王母早早翻出攢了許久的厚實粗布,縫了嶄新平整的棉床蓋,紅棕底色繡著簡單纏枝紋,鋪在木床上,冷硬的屋子一下子多了煙火暖意。
谷家這邊的添妝緊跟著送到樓下,谷蘭帶著孫豔、谷菱一同送來一床足有八斤重的厚棉被,蓬鬆暄軟,拿在手裡分量十足。
谷蘭伸手捏了捏被面柔軟的棉料,隨口同王母解釋,“等咱們谷家柞樹蠶大批結繭抽絲,我還要陸續做一批蠶絲被囤著,蠶絲耐放、隔寒又輕便,不管是留作自家儲備,還是往後當作人情陪嫁,都穩妥,無非是棉被與蠶絲被形制不一樣罷了。”
王母伸手摩挲著被邊細密的針腳,眉眼滿是歡喜:“勞你們姐妹費心了,這被子厚實,往後秋冬夜裡再冷,娜娜住著也不會凍著。”
孫豔站在一旁,目光落在新房素淨的粉色嫁衣上,心裡總覺得缺了幾分大婚該有的紅火,眉頭微蹙,小聲唸叨:“嫁衣選了粉色,屋裡陳設偏素,整場婚禮看著太過清淡,女孩子出嫁,總得有些亮眼的紅色襯著才喜慶。若是有幾支手工絹花別在髮間,就剛好補上這份喜氣。”
這話戳中了谷蘭的心思,她當即記在心裡,次日便動身前往內區商貿集市,買回二尺色澤鮮亮、不易褪色的正紅絹布。轉頭便去找了相熟的馮春辛,開門見山問詢。
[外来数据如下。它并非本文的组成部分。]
(* Let $G$ be a countable group, $\mu$ a probability measure on $G$, and $(X,\xi)$ a $(G,\mu)$-stationary space. Then the map \[ [2,\infty)\to[0,\infty),\qquad p\mapsto-p\log\|\pi_{q,X}(\mu)\|, \] where $q$ is the conjugate exponent of $p$ and $\|\cdot\|$ is the operator norm on $B(L^q(X,\xi))$, is increasing and bounded by $h_\mu(X,\xi)$.
   Context: A $(G,\mu)$-stationary space is a standard probability space $(X,\xi)$ with a measurable non-singular $G$-action such that $\sum_s\mu(s)\xi(s^{-1}A)=\xi(A)$. Write $(s\xi)(A)=\xi(s^{-1}A)$ and $\rho(s,x)=\frac{d(s^{-1}\xi)}{d\xi}(x)$. The $L^q$-Koopman representation is $[\pi_{q,X}(s)f](x)=[\frac{d(s\xi)}{d\xi}(x)]^{1/q}f(s^{-1}x)$ on $L^q(X,\xi)$, and $\pi_{q,X}(\mu)=\sum_s\mu(s)\pi_{q,X}(s)$. The Furstenberg entropy is $h_\mu(X,\xi)=-\sum_s\mu(s)\int_X\log\rho(s,x)d\xi(x)$. *)

theory Defs
  imports "HOL-Probability.Probability" "HOL-Algebra.Group"
begin

definition stationary_space ::
  "('g, 'b) monoid_scheme \<Rightarrow> 'g pmf \<Rightarrow> ('g \<Rightarrow> 'x \<Rightarrow> 'x) \<Rightarrow> 'x measure \<Rightarrow> bool" where
  "stationary_space G \<mu> act M \<longleftrightarrow>
     prob_space M \<and>
     (\<forall>g\<in>carrier G. act g \<in> M \<rightarrow>\<^sub>M M) \<and>
     (\<forall>x\<in>space M. act \<one>\<^bsub>G\<^esub> x = x) \<and>
     (\<forall>g\<in>carrier G. \<forall>h\<in>carrier G. \<forall>x\<in>space M. act (g \<otimes>\<^bsub>G\<^esub> h) x = act g (act h x)) \<and>
     (\<forall>g\<in>carrier G. \<forall>A\<in>sets M.
         emeasure M (act g -` A \<inter> space M) = 0 \<longleftrightarrow> emeasure M A = 0) \<and>
     (\<forall>A\<in>sets M.
         (\<Sum>\<^sub>\<infinity>s\<in>carrier G. pmf \<mu> s * measure M (act s -` A \<inter> space M)) = measure M A)"

definition Lq_space :: "'x measure \<Rightarrow> real \<Rightarrow> ('x \<Rightarrow> complex) set" where
  "Lq_space M q = {f. f \<in> borel_measurable M \<and> integrable M (\<lambda>x. norm (f x) powr q)}"

definition Lq_norm :: "'x measure \<Rightarrow> real \<Rightarrow> ('x \<Rightarrow> complex) \<Rightarrow> real" where
  "Lq_norm M q f = (\<integral>x. norm (f x) powr q \<partial>M) powr (1 / q)"

definition Lq_opnorm :: "'x measure \<Rightarrow> real \<Rightarrow> (('x \<Rightarrow> complex) \<Rightarrow> ('x \<Rightarrow> complex)) \<Rightarrow> real" where
  "Lq_opnorm M q T = Sup {Lq_norm M q (T f) | f. f \<in> Lq_space M q \<and> Lq_norm M q f \<le> 1}"

text \<open>pi_{q,X}(mu) f (x) = sum_s mu(s) [d(s xi)/d xi (x)]^{1/q} f(s^{-1} x),
where s xi = distr M M (act s), i.e. (s xi)(A) = xi(s^{-1} A).\<close>

definition koopman_mu ::
  "('g, 'b) monoid_scheme \<Rightarrow> 'g pmf \<Rightarrow> ('g \<Rightarrow> 'x \<Rightarrow> 'x) \<Rightarrow> 'x measure \<Rightarrow> real
     \<Rightarrow> ('x \<Rightarrow> complex) \<Rightarrow> ('x \<Rightarrow> complex)" where
  "koopman_mu G \<mu> act M q f = (\<lambda>x. \<Sum>\<^sub>\<infinity>s\<in>carrier G.
      complex_of_real (pmf \<mu> s * enn2real (RN_deriv M (distr M M (act s)) x) powr (1 / q))
        * f (act (inv\<^bsub>G\<^esub> s) x))"

definition rn_rho ::
  "('g, 'b) monoid_scheme \<Rightarrow> ('g \<Rightarrow> 'x \<Rightarrow> 'x) \<Rightarrow> 'x measure \<Rightarrow> 'g \<Rightarrow> 'x \<Rightarrow> real" where
  "rn_rho G act M s x = enn2real (RN_deriv M (distr M M (act (inv\<^bsub>G\<^esub> s))) x)"

text \<open>Furstenberg entropy h = - sum_s mu(s) int log rho(s,x) dxi, valued in [0,infinity];
the integral - int log rho is written as (int (log rho)^- ) - (int (log rho)^+),
the positive part being finite (it is at most int rho = 1).\<close>

definition furstenberg_entropy ::
  "('g, 'b) monoid_scheme \<Rightarrow> 'g pmf \<Rightarrow> ('g \<Rightarrow> 'x \<Rightarrow> 'x) \<Rightarrow> 'x measure \<Rightarrow> ennreal" where
  "furstenberg_entropy G \<mu> act M = (\<Sum>\<^sub>\<infinity>s\<in>carrier G. ennreal (pmf \<mu> s) *
      ((\<integral>\<^sup>+x. ennreal (- ln (rn_rho G act M s x)) \<partial>M)
        - (\<integral>\<^sup>+x. ennreal (ln (rn_rho G act M s x)) \<partial>M)))"

end

theory Submission
  imports Defs
begin

text \<open>
  Write \<open>r\<^sub>s = d(s\<xi>)/d\<xi>\<close> and, for \<open>F \<ge> 0\<close>, \<open>A\<^sub>t F = \<Sum>\<^sub>s \<mu>(s) (r\<^sub>s \<cdot> F \<circ> s\<^sup>-\<^sup>1)\<^sup>t\<close>, so that
  \<open>|\<pi>\<^sub>q(\<mu>) f| \<le> A\<^bsub>1/q\<^esub>(|f|\<^sup>q)\<close> with equality for \<open>f \<ge> 0\<close>. Hoelder's inequality in \<open>s\<close> makes
  \<open>t \<mapsto> A\<^sub>t F(x)\<close> log-convex, and by the change of variables formula \<open>A\<^sub>1\<close> does not increase
  integrals. Hence \<open>\<parallel>\<pi>\<^sub>q(\<mu>)\<parallel> \<le> 1\<close>, and interpolating between \<open>L\<^sup>q\<close> and \<open>L\<^sup>1\<close> (Hoelder in \<open>x\<close>)
  gives \<open>\<parallel>\<pi>\<^bsub>q'\<^esub>(\<mu>)\<parallel> \<le> \<parallel>\<pi>\<^sub>q(\<mu>)\<parallel>\<^bsup>1-\<theta>\<^esup>\<close> whenever \<open>1/q' = (1-\<theta>)/q + \<theta>\<close>. For conjugate exponents
  of \<open>p \<le> p'\<close> one has \<open>1 - \<theta> = p/p'\<close>, which is the monotonicity of \<open>p \<mapsto> -p log \<parallel>\<pi>\<^sub>q(\<mu>)\<parallel>\<close>.

  For the entropy bound, test on the constant function:
  \<open>\<parallel>\<pi>\<^sub>q(\<mu>)\<parallel> \<ge> \<integral> \<pi>\<^sub>q(\<mu>) 1 = \<Sum>\<^sub>s \<mu>(s) \<integral> r\<^sub>s\<^bsup>1/q\<^esup>\<close>. The cocycle identity
  \<open>r\<^sub>s(s y) \<rho>(s, y) = 1\<close> turns \<open>\<integral> r\<^sub>s\<^bsup>1-c\<^esup>\<close> into \<open>\<integral> \<rho>(s, \<cdot>)\<^sup>c\<close>, which by Jensen's inequality
  is at least \<open>exp (c \<integral> log \<rho>(s, \<cdot>))\<close>; Jensen once more, now for \<open>\<mu>\<close>, gives
  \<open>\<parallel>\<pi>\<^sub>q(\<mu>)\<parallel> \<ge> exp (- h\<^sub>\<mu>(X, \<xi>) / p)\<close> with \<open>c = 1 - 1/q = 1/p\<close>.
\<close>

section \<open>Hoelder and Jensen inequalities\<close>

lemma powr_mult_le_Young:
  fixes x y a b :: real
  assumes "0 \<le> x" "0 \<le> y" "0 < a" "0 < b" and \<alpha>\<beta>: "0 \<le> \<alpha>" "0 \<le> \<beta>" "\<alpha> + \<beta> = 1"
  shows "x powr \<alpha> * y powr \<beta> \<le> a powr \<alpha> * b powr \<beta> * (\<alpha> * x / a + \<beta> * y / b)"
proof -
  have "(x / a) powr \<alpha> * (y / b) powr \<beta> \<le> \<alpha> * (x / a) + \<beta> * (y / b)"
    using Youngs_inequality_0[OF \<alpha>\<beta>, of "x / a" "y / b"] assms
    by (cases "x = 0 \<or> y = 0") (auto simp: less_le)
  then have "a powr \<alpha> * b powr \<beta> * ((x / a) powr \<alpha> * (y / b) powr \<beta>)
      \<le> a powr \<alpha> * b powr \<beta> * (\<alpha> * (x / a) + \<beta> * (y / b))"
    by (intro mult_left_mono) auto
  then show ?thesis
    using assms by (simp add: powr_divide field_simps)
qed

lemma powr_interpolate:
  fixes a d :: real
  assumes "0 \<le> a" "0 \<le> d" "0 \<le> \<theta>" "\<theta> \<le> 1"
  shows "(a * d powr t0) powr (1 - \<theta>) * (a * d powr t1) powr \<theta> = a * d powr ((1 - \<theta>) * t0 + \<theta> * t1)"
proof (cases "a = 0 \<or> d = 0")
  case False
  have "(a * d powr t0) powr (1 - \<theta>) * (a * d powr t1) powr \<theta>
      = (a powr (1 - \<theta>) * a powr \<theta>) * (d powr ((1 - \<theta>) * t0) * d powr (\<theta> * t1))"
    using assms by (simp add: powr_mult powr_powr ac_simps)
  also have "\<dots> = a * d powr ((1 - \<theta>) * t0 + \<theta> * t1)"
    using assms False by (simp add: powr_add[symmetric])
  finally show ?thesis .
qed auto

lemma nn_integral_powr_mult_le:
  fixes X Y :: "'a \<Rightarrow> real"
  assumes [measurable]: "X \<in> borel_measurable N" "Y \<in> borel_measurable N"
    and X_nonneg: "\<And>x. x \<in> space N \<Longrightarrow> 0 \<le> X x" and Y_nonneg: "\<And>x. x \<in> space N \<Longrightarrow> 0 \<le> Y x"
    and \<alpha>\<beta>: "0 \<le> \<alpha>" "0 \<le> \<beta>" "\<alpha> + \<beta> = 1"
    and X_le: "(\<integral>\<^sup>+x. ennreal (X x) \<partial>N) \<le> ennreal a"
    and Y_le: "(\<integral>\<^sup>+x. ennreal (Y x) \<partial>N) \<le> ennreal b"
    and "0 \<le> a" "0 \<le> b"
  shows "(\<integral>\<^sup>+x. ennreal (X x powr \<alpha> * Y x powr \<beta>) \<partial>N) \<le> ennreal (a powr \<alpha> * b powr \<beta>)"
proof (cases "a = 0 \<or> b = 0")
  case True
  have "(\<integral>\<^sup>+x. X x \<partial>N) = 0 \<longleftrightarrow> (AE x in N. ennreal (X x) = 0)"
    "(\<integral>\<^sup>+x. Y x \<partial>N) = 0 \<longleftrightarrow> (AE x in N. ennreal (Y x) = 0)"
    by (rule nn_integral_0_iff_AE, measurable)+
  then have "AE x in N. ennreal (X x) = 0 \<or> ennreal (Y x) = 0"
    using True X_le Y_le by (auto elim: eventually_mono)
  then have "AE x in N. ennreal (X x powr \<alpha> * Y x powr \<beta>) = 0"
    by (rule AE_mp) (auto intro!: AE_I2 dest: X_nonneg Y_nonneg)
  then have "(\<integral>\<^sup>+x. ennreal (X x powr \<alpha> * Y x powr \<beta>) \<partial>N) = (\<integral>\<^sup>+x. 0 \<partial>N)"
    by (rule nn_integral_cong_AE)
  then show ?thesis by simp
next
  case False
  then have "0 < a" "0 < b" using \<open>0 \<le> a\<close> \<open>0 \<le> b\<close> by auto
  define c where "c = a powr \<alpha> * b powr \<beta>"
  have Young: "X x powr \<alpha> * Y x powr \<beta> \<le> c * \<alpha> / a * X x + c * \<beta> / b * Y x" if "x \<in> space N" for x
    using powr_mult_le_Young[OF X_nonneg[OF that] Y_nonneg[OF that] \<open>0 < a\<close> \<open>0 < b\<close> \<alpha>\<beta>]
      \<open>0 < a\<close> \<open>0 < b\<close>
    by (simp add: c_def field_simps)
  have "(\<integral>\<^sup>+x. ennreal (X x powr \<alpha> * Y x powr \<beta>) \<partial>N)
      \<le> (\<integral>\<^sup>+x. ennreal (c * \<alpha> / a) * X x + ennreal (c * \<beta> / b) * Y x \<partial>N)"
    using Young \<open>0 < a\<close> \<open>0 < b\<close> \<alpha>\<beta> X_nonneg Y_nonneg
    by (intro nn_integral_mono)
      (simp add: c_def ennreal_mult[symmetric] ennreal_plus[symmetric] del: ennreal_plus)
  also have "\<dots> = ennreal (c * \<alpha> / a) * (\<integral>\<^sup>+x. X x \<partial>N) + ennreal (c * \<beta> / b) * (\<integral>\<^sup>+x. Y x \<partial>N)"
    by (simp add: nn_integral_add nn_integral_cmult)
  also have "\<dots> \<le> ennreal (c * \<alpha> / a) * ennreal a + ennreal (c * \<beta> / b) * ennreal b"
    by (intro add_mono mult_left_mono X_le Y_le) auto
  also have "\<dots> = ennreal c"
    using \<open>0 < a\<close> \<open>0 < b\<close> \<alpha>\<beta>
    by (simp add: c_def ennreal_mult[symmetric] ennreal_plus[symmetric]
        flip: distrib_left del: ennreal_plus)
  finally show ?thesis by (simp add: c_def)
qed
彼時馮春辛正坐在自家院子裡捻棉線縫製被裡,聞言停下手裡的活,抬眼爽快應下:“做絹花?我娘和我嫂嫂都是之前的紡織女工,一手扎絹花的手藝從沒落下,花樣繁複又好看,就是得把絹布這些原材料送過來就行,一天工夫保準給你做得妥當。”
半日不到,紅豔精緻的絹花便送來了老宅。
眾人圍在桌邊細看,一簇主花最為精巧,三朵約莫半個手掌大小的紅絹花緊緊並排簇擁,細碎小巧的絹制碎花順著主花順時針垂落,層層疊疊,紅得熱烈又柔和;餘下沒用完的紅絹布,又單獨扎出兩朵獨立的大絹花,花瓣挺括,形態飽滿,別在髮間、衣襟都相宜。
孫豔捏著一朵絹花湊到燈下反覆打量,緊繃多日的嘴角徹底彎起,心裡的缺憾一掃而空,連連點頭:“太好了,有這些紅絹花點綴,既不搶粉色婚服的溫婉,大婚的喜氣也足足的,這下我徹底放心了。”
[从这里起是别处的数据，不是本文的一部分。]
(* Let $p_S$ be the critical probability of bond percolation on the non-p.c.f. Sierpinski gasket $S$, as defined in the context. Then $p_S<0.282$.
   Context: Non-p.c.f. Sierpinski gasket: $S_0$ is the triangle $\{v_0,v_1,v_2\}$ with its three edges. $S_n$ is obtained from $S_{n-1}$ by replacing each triangle $\{x,y,z\}$ of $S_{n-1}$, together with its own three edges, by new vertices $m_{xy},m_{yz},m_{zx},c$ belonging only to this triangle and the six triangles $\{x,m_{xy},c\},\{m_{xy},y,c\},\{y,m_{yz},c\},\{m_{yz},z,c\},\{z,m_{zx},c\},\{m_{zx},x,c\}$, each carrying its own three edges. Thus distinct triangles have disjoint edge sets and parallel edges occur. For example, $S_1$ has the $6$ outer edges once and each of the $6$ segments from the center $c$ to the outer vertices doubled. $S$ denotes the limiting graph. Bond percolation with parameter $p$: each edge receives an i.i.d. uniform $[0,1]$ label $\omega(e)$ and is open if $\omega(e)<p$. Define $p_S=\sup\{p\in[0,1]:\mathbb{P}_p(\text{there is an open path from } v_0 \text{ to } v_1 \text{ in } S_n)\to 0 \text{ as } n\to\infty\}$. *)

theory Defs
  imports "HOL-Probability.Probability"
begin

text \<open>Corner i (i < 3) is the original vertex v_i.  New w k (k < 4) is a vertex created
  when subdividing the triangle with address w: k = 0,1,2 are m_xy, m_yz, m_zx and
  k = 3 is the centre c.\<close>
datatype sg_vert = Corner nat | New "nat list" nat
婚期將近,嫁妝、新房、喜禮一應瑣事漸漸塵埃落定,閒不住的孫娜主動提出要跟著眾人去往谷家農場幫忙秋收。
經過十數日的休養,她體表輻射值回落大半,情緒徹底擺脫了隔離期瀕臨崩潰的應激狀態,往日那個養尊處優、碰不得粗活的嬌小姐模樣褪去大半。從前衣食無憂時,她十指不沾陽春水,一點農活都不肯幹;逃亡、拘禁、婚配風波一路磋磨下來,嬌氣被苦難磨去,扛糧袋、分揀穀粒、捆紮秸稈這些粗活,她上手學兩遍便能做得有模有樣。
走在廣袤的農田田埂上,望著成片待收割的飽滿糧穗,看著谷蘭、孫豔帶著僱工有條不紊勞作,她心裡再沒有半分從前藏著的羨慕與嫉妒。從前總眼紅旁人安穩富足的日子,如今自己有了踏實婚事,有姐姐不離不棄的照料,還有谷家眾人以誠相待,滿心只剩下沉甸甸的知足。她彎腰拿起木耙,慢慢收攏散落的穀粒,動作雖算不上麻利,卻做得格外認真。
農場的收割一首都是自己人在做,原本谷蘭早己敲定合作的運輸車隊,卻臨時被人替換,來往的貨運車輛清一色印著裴千帆麾下部門的標識,西個身著黑色制式勁裝、腰佩短刃的司衛也進駐農場,不聲不響加入收割勞作。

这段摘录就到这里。